See 2023, 50 Secs. 47 and 49.](e) For the purposes of this section, a "manufacturing corporation" shall be a
corporation that is engaged in manufacturing; provided, however, that in order
to be engaged in manufacturing, the corporation shall be engaged, in substantial
part, in transforming raw or finished physical materials by hand or machinery,
and through human skill and knowledge, into a new product possessing a new
name, nature and adapted to a new use.Any operation manufacturing, in substantial part, value-added agricultural
products shall be considered a manufacturing corporation.A manufacturing corporation's activities will be considered to be substantial if
any 1 of the following 5 tests are met:(1) 25 per cent or more of its gross receipts are derived from the sale of
manufactured goods that it manufactures;(2) 25 per cent or more of its payroll is paid to employees working in its
manufacturing operations and 15 per cent or more of its gross receipts are
derived from the sale of manufactured goods that it manufactures;(3) 25 per cent or more of its tangible property is used in its manufacturing
operations and 15 per cent or more of its gross receipts are derived from the
sale of manufactured goods that it manufactures;(4) 35 per cent or more of its tangible property is used in its manufacturing
operations; or(5) the corporation's manufacturing activities are deemed substantial under
relevant regulations promulgated by the commissioner.In determining whether a process constitutes manufacturing, the commissioner
will examine the facts and circumstances of each case.For the purposes of this section, "value-added agricultural products" shall
mean any products of farming or agriculture, as defined in section 1A of chapter
128, which have increased in market value due to some process other than
packaging.

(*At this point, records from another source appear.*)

lemma mat_commutator_mult:
  "mat_commutator I A (\<lambda>i j. \<Sum>k\<in>I. M i k * N k j) i j
     = (\<Sum>k\<in>I. mat_commutator I A M i k * N k j + M i k * mat_commutator I A N k j)"
proof -
  have lhs: "mat_commutator I A (\<lambda>i j. \<Sum>k\<in>I. M i k * N k j) i j
      = (\<Sum>r\<in>I. \<Sum>k\<in>I. A i r * M r k * N k j) - (\<Sum>r\<in>I. \<Sum>k\<in>I. M i k * N k r * A r j)"
    by (simp add: mat_commutator_def sum_subtractf sum_distrib_left sum_distrib_right mult.assoc)
  have rhs: "(\<Sum>k\<in>I. mat_commutator I A M i k * N k j + M i k * mat_commutator I A N k j)
      = (\<Sum>k\<in>I. \<Sum>r\<in>I. A i r * M r k * N k j) - (\<Sum>k\<in>I. \<Sum>r\<in>I. M i r * A r k * N k j)
      + (\<Sum>k\<in>I. \<Sum>r\<in>I. M i k * A k r * N r j) - (\<Sum>k\<in>I. \<Sum>r\<in>I. M i k * N k r * A r j)"
    by (simp add: mat_commutator_def sum_subtractf sum.distrib sum_distrib_left sum_distrib_right
        left_diff_distrib right_diff_distrib mult.assoc)
  \<comment> \<open>the two middle terms of \<open>rhs\<close> cancel after exchanging the order of summation\<close>
  have "(\<Sum>k\<in>I. \<Sum>r\<in>I. M i r * A r k * N k j) = (\<Sum>k\<in>I. \<Sum>r\<in>I. M i k * A k r * N r j)"
    and "(\<Sum>k\<in>I. \<Sum>r\<in>I. A i r * M r k * N k j) = (\<Sum>r\<in>I. \<Sum>k\<in>I. A i r * M r k * N k j)"
    and "(\<Sum>k\<in>I. \<Sum>r\<in>I. M i k * N k r * A r j) = (\<Sum>r\<in>I. \<Sum>k\<in>I. M i k * N k r * A r j)"
    by (rule sum.swap)+
  then show ?thesis
    unfolding lhs rhs by simp
qed

context
  fixes n :: nat and C :: "nat \<Rightarrow> nat \<Rightarrow> nat \<Rightarrow> 'a::comm_ring_1"
  assumes antisym: "\<And>i j k. i \<in> {1..n} \<Longrightarrow> j \<in> {1..n} \<Longrightarrow> k \<in> {1..n} \<Longrightarrow> C i j k = - C i k j"
    and jacobi: "\<And>i j k l. i \<in> {1..n} \<Longrightarrow> j \<in> {1..n} \<Longrightarrow> k \<in> {1..n} \<Longrightarrow> l \<in> {1..n} \<Longrightarrow>
       (\<Sum>\<alpha>\<in>{1..n}. C \<alpha> i j * C l \<alpha> k + C \<alpha> j k * C l \<alpha> i + C \<alpha> k i * C l \<alpha> j) = 0"
begin

lemma ad_commutator:
  assumes "\<mu> \<in> {1..n}" "\<nu> \<in> {1..n}" "\<sigma> \<in> {1..n}" "k \<in> {1..n}"
  shows "(\<Sum>r\<in>{1..n}. C \<sigma> \<mu> r * C r \<nu> k - C \<sigma> \<nu> r * C r \<mu> k) = (\<Sum>r\<in>{1..n}. C r \<mu> \<nu> * C \<sigma> r k)"
proof -
  have "(\<Sum>r\<in>{1..n}. C \<sigma> \<mu> r * C r \<nu> k - C \<sigma> \<nu> r * C r \<mu> k - C r \<mu> \<nu> * C \<sigma> r k)
      = - (\<Sum>r\<in>{1..n}. C r \<nu> k * C \<sigma> r \<mu> + C r k \<mu> * C \<sigma> r \<nu> + C r \<mu> \<nu> * C \<sigma> r k)"
    unfolding sum_negf[symmetric]
  proof (rule sum.cong[OF refl])
    fix r
    assume "r \<in> {1..n}"
    with assms have "C \<sigma> r \<mu> = - C \<sigma> \<mu> r" "C r k \<mu> = - C r \<mu> k" "C \<sigma> r \<nu> = - C \<sigma> \<nu> r"
      by (simp_all add: antisym[of \<sigma> r \<mu>] antisym[of r k \<mu>] antisym[of \<sigma> r \<nu>])
    then show "C \<sigma> \<mu> r * C r \<nu> k - C \<sigma> \<nu> r * C r \<mu> k - C r \<mu> \<nu> * C \<sigma> r k
        = - (C r \<nu> k * C \<sigma> r \<mu> + C r k \<mu> * C \<sigma> r \<nu> + C r \<mu> \<nu> * C \<sigma> r k)"
      by (simp add: algebra_simps)
  qed
  also have "\<dots> = 0"
    using jacobi[of \<nu> k \<mu> \<sigma>] assms by simp
  finally show ?thesis
    by (simp add: sum_subtractf)
qed

lemma Cmat_bracket:
  assumes "\<mu> \<in> {1..n}" "\<nu> \<in> {1..n}" "\<sigma> \<in> {1..n}"
  shows "(\<Sum>r\<in>{1..n}. Cmat n C r \<nu> * dconst (C \<sigma> \<mu> r) - Cmat n C r \<mu> * dconst (C \<sigma> \<nu> r))
       = (\<Sum>t\<in>{1..n}. dconst (C t \<mu> \<nu>) * Cmat n C \<sigma> t)"
proof -
  have "(\<Sum>r\<in>{1..n}. Cmat n C r \<nu> * dconst (C \<sigma> \<mu> r) - Cmat n C r \<mu> * dconst (C \<sigma> \<nu> r))
      = linform n (\<lambda>k. \<Sum>r\<in>{1..n}. C r \<nu> k * C \<sigma> \<mu> r - C r \<mu> k * C \<sigma> \<nu> r)"
    by (simp add: Cmat_eq_linform linform_mult_dconst linform_diff sum_linform)
  also have "\<dots> = linform n (\<lambda>k. \<Sum>t\<in>{1..n}. C t \<mu> \<nu> * C \<sigma> t k)"
    by (rule linform_cong) (use ad_commutator[OF assms] in \<open>simp add: mult.commute\<close>)
  also have "\<dots> = (\<Sum>t\<in>{1..n}. dconst (C t \<mu> \<nu>) * Cmat n C \<sigma> t)"
    by (simp add: Cmat_eq_linform dconst_mult_linform sum_linform)
  finally show ?thesis .
qed

lemma Cderiv_Cmat:
  assumes "\<nu> \<in> {1..n}" "k \<in> {1..n}" "j \<in> {1..n}"
  shows "Cderiv n C \<nu> (Cmat n C k j) = mat_commutator {1..n} (\<lambda>i j. dconst (C i \<nu> j)) (Cmat n C) k j"
proof -
  have "Cderiv n C \<nu> (Cmat n C k j) = (\<Sum>r\<in>{1..n}. Cmat n C r \<nu> * dconst (C k j r))"
    unfolding Cderiv_def by (rule sum.cong) (simp_all add: Cmat_eq_linform pdiff_linform)
  also have "\<dots> = linform n (\<lambda>m. \<Sum>r\<in>{1..n}. C r \<nu> m * C k j r)"
    by (simp add: Cmat_eq_linform linform_mult_dconst sum_linform)
  also have "\<dots> = linform n (\<lambda>m. \<Sum>r\<in>{1..n}. C k \<nu> r * C r j m - C k r m * C r \<nu> j)"
  proof (rule linform_cong)
    fix m
    assume "m \<in> {1..n}"
    then have "(\<Sum>r\<in>{1..n}. C k \<nu> r * C r j m - C k j r * C r \<nu> m) = (\<Sum>r\<in>{1..n}. C r \<nu> j * C k r m)"
      using assms by (intro ad_commutator)
    then show "(\<Sum>r\<in>{1..n}. C r \<nu> m * C k j r) = (\<Sum>r\<in>{1..n}. C k \<nu> r * C r j m - C k r m * C r \<nu> j)"
      by (simp add: sum_subtractf algebra_simps)
  qed
  also have "\<dots> = mat_commutator {1..n} (\<lambda>i j. dconst (C i \<nu> j)) (Cmat n C) k j"
    by (simp add: mat_commutator_def Cmat_eq_linform dconst_mult_linform linform_mult_dconst
        linform_diff sum_linform)
  finally show ?thesis .
qed

lemma Cderiv_Cpow:
  assumes "i \<in> {1..n}" "j \<in> {1..n}" "\<nu> \<in> {1..n}"
  shows "Cderiv n C \<nu> (Cpow n C L i j) = mat_commutator {1..n} (\<lambda>i j. dconst (C i \<nu> j)) (Cpow n C L) i j"
  using assms(2)
proof (induction L arbitrary: j)
  case 0
  have "Cpow n C 0 = (\<lambda>i j. if i = j then 1 else 0)"
    by (simp add: fun_eq_iff)
  moreover have "Cderiv n C \<nu> (if i = j then 1 else 0) = 0"
    using Cderiv_const[of n C \<nu> 1] Cderiv_const[of n C \<nu> 0] by simp
  ultimately show ?case
    using 0 assms(1) by (simp add: mat_commutator_one)
next
  case (Suc L)
  have "Cderiv n C \<nu> (Cpow n C (Suc L) i j)
      = (\<Sum>k\<in>{1..n}. Cderiv n C \<nu> (Cpow n C L i k) * Cmat n C k j + Cpow n C L i k * Cderiv n C \<nu> (Cmat n C k j))"
    by (simp add: Cderiv_sum Cderiv_mult)
  also have "\<dots> = (\<Sum>k\<in>{1..n}. mat_commutator {1..n} (\<lambda>i j. dconst (C i \<nu> j)) (Cpow n C L) i k * Cmat n C k j
      + Cpow n C L i k * mat_commutator {1..n} (\<lambda>i j. dconst (C i \<nu> j)) (Cmat n C) k j)"
  proof (rule sum.cong[OF refl])
    fix k
    assume "k \<in> {1..n}"
    then show "Cderiv n C \<nu> (Cpow n C L i k) * Cmat n C k j + Cpow n C L i k * Cderiv n C \<nu> (Cmat n C k j)
        = mat_commutator {1..n} (\<lambda>i j. dconst (C i \<nu> j)) (Cpow n C L) i k * Cmat n C k j
          + Cpow n C L i k * mat_commutator {1..n} (\<lambda>i j. dconst (C i \<nu> j)) (Cmat n C) k j"
      using Suc.prems assms(3) by (simp add: Suc.IH Cderiv_Cmat)
  qed
  also have "\<dots> = mat_commutator {1..n} (\<lambda>i j. dconst (C i \<nu> j)) (\<lambda>i j. \<Sum>k\<in>{1..n}. Cpow n C L i k * Cmat n C k j) i j"
    by (rule mat_commutator_mult[symmetric])
  also have "(\<lambda>i j. \<Sum>k\<in>{1..n}. Cpow n C L i k * Cmat n C k j) = Cpow n C (Suc L)"
    by (simp add: fun_eq_iff)
  finally show ?case .
qed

Value-added agricultural products shall include, but shall not be
limited to: cheese, butter, buttermilk, yogurt, cream, ice cream, fruit preserves,
fruit juices, fruit sauces, fruit syrups, dried fruit, seeded fruits, peeled or
chopped fruit and vegetables, processed fruit and vegetables, salads, maple
syrup, maple candy, honey and all apicultural products, horticulture nursery and
greenhouse products, topiary plants, bacon, sausage, lard, dried or smoked
meat, wool and fish, seafood and other aquatic products.